Mass control was carried out with substance Calcium oxalate on 15 December 2020. The obtained values respect the checking chart limits (1st mass-loss of 12.45% for a reference value of 12.3% ± 0.4%; 2nd mass-loss of 18.90% for a reference value of 18.8% ± 0.4%; 3rd mass-loss of 29.89% for a reference value of 29.5% ± 1.1%).

Conclusions:

In conclusion, the mean vapour pressure of test item is 0.54 Pa at 20°C and 0.99 Pa at 25°C.

Executive summary:

A study was performed to determine the vapour pressure of the test item. The method followed was designed to be compliant with the OECD guideline for the Testing of Chemicals No. 104, "Vapour pressure" (2006), 23 March 2006 and Commission Regulation No 440/2008 on test methods, Method A.4 (last Adaptation to Technical Progress by Commission Regulation (EU) 2019/1390 of 31 July 2019, with no update to the A1 method since 2009). As the test item’s prediction for vapour pressure was 0.45 Pa at 25°C (EpiSUITE prediction), the Knudsen effusion method was conducted.

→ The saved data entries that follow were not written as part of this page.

section \<open>Holomorphic infinite products\<close>

lemma Weierstrass_m_test_prodinf:
  fixes f :: "nat \<Rightarrow> 'a :: topological_space \<Rightarrow> 'b :: {real_normed_field, banach}"
  assumes cont: "\<And>n. continuous_on A (f n)" and A: "compact A"
    and bound: "\<And>n x. x \<in> A \<Longrightarrow> norm (f n x - 1) \<le> \<gamma> n"
    and \<gamma>: "summable \<gamma>"
  shows "uniform_limit A (\<lambda>N x. \<Prod>n<N. f n x) (\<lambda>x. \<Prod>n. f n x) sequentially"
proof -
  have "uniformly_convergent_on A (\<lambda>N x. \<Prod>n<N. f n x)"
  proof (rule uniformly_convergent_on_prod'[OF cont A])
    show "uniformly_convergent_on A (\<lambda>N x. \<Sum>n<N. norm (f n x - 1))"
      unfolding uniformly_convergent_on_def
      using Weierstrass_m_test[of A "\<lambda>n x. norm (f n x - 1)" \<gamma>] bound \<gamma> by auto
  qed
  then obtain l where ul: "uniform_limit A (\<lambda>N x. \<Prod>n<N. f n x) l sequentially"
    unfolding uniformly_convergent_on_def by blast
  have "l x = (\<Prod>n. f n x)" if x: "x \<in> A" for x
  proof -
    have "summable (\<lambda>n. norm (f n x - 1))"
      by (rule summable_comparison_test'[OF \<gamma>]) (use bound[OF x] in simp)
    hence "convergent_prod (\<lambda>n. f n x)"
      by (intro abs_convergent_prod_imp_convergent_prod summable_imp_abs_convergent_prod)
    hence "(\<lambda>N. \<Prod>n\<le>N. f n x) \<longlonglongrightarrow> (\<Prod>n. f n x)"
      by (rule convergent_prod_LIMSEQ)
    hence "(\<lambda>N. \<Prod>n<N. f n x) \<longlonglongrightarrow> (\<Prod>n. f n x)"
      using LIMSEQ_lessThan_iff_atMost[of "\<lambda>A. \<Prod>n\<in>A. f n x"] by simp
    thus ?thesis
      by (rule LIMSEQ_unique[OF tendsto_uniform_limitI[OF ul x]])
  qed
  hence "uniform_limit A (\<lambda>N x. \<Prod>n<N. f n x) l sequentially
           \<longleftrightarrow> uniform_limit A (\<lambda>N x. \<Prod>n<N. f n x) (\<lambda>x. \<Prod>n. f n x) sequentially"
    by (intro uniform_limit_cong') simp_all
  thus ?thesis
    using ul by blast
qed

In this method, the mass of the test substance flowing out per unit of time of a Knudsen cell in the form of vapour, through a micro-orifice under ultra-vacuum conditions was determined at various specified temperatures (from 22.9°C to 47.4°C). The Hertz-Knudsen equation was used to calculate the vapour pressure corresponding to the mass loss rate.
The Log10 (Vapour Pressure (Pa)) was plotted against 1/T (K) and a linear function was obtained. With this equation, the vapour pressure has been calculated for temperatures of 20°C and 25°C.

 

Three trials were conducted and five points were recorded for each trial.
Log10 (Vapour Pressure (Pa)) was plotted against reciprocal temperature and values of vapour pressure were calculated at 20°C and 25°C with the linear function parameters (slope and intercept):

 

Trial	Vapour pressure at 293.15 K	Vapour pressure at 298.15 K
1	0.97 Pa	1.57 Pa
2	0.59 Pa	1.05 Pa
3	0.48 Pa	0.92 Pa
Mean from trials 2 and 3	0.54 Pa	0.99 Pa

Calculated values from trials 2 and 3 respect validity criteria (less than 20% of difference) and the linear functions obtained own a correlation coefficient R² over 0.95.
In conclusion, the mean vapour pressure of test item is 0.54 Pa at 20°C and 0.99 Pa at 25°C.

Description of key information

Vapour Pressure: 0.99Pa at 25ºC (mean n= 3), EU Method A.4 - thermogravimetric effusion method

Key value for chemical safety assessment

Vapour pressure:

0.99 Pa

at the temperature of:

25 °C

Additional information

A study was performed to determine the vapour pressure of the test item. The method followed was designed to be compliant with the OECD guideline for the Testing of Chemicals No. 104, "Vapour pressure" (2006), 23 March 2006 and Commission Regulation No 440/2008 on test methods, Method A.4 (last Adaptation to Technical Progress by Commission Regulation (EU) 2019/1390 of 31 July 2019, with no update to the A1 method since 2009).

The mean vapour pressure of test item is 0.54 Pa at 20°C and 0.99 Pa at 25°C.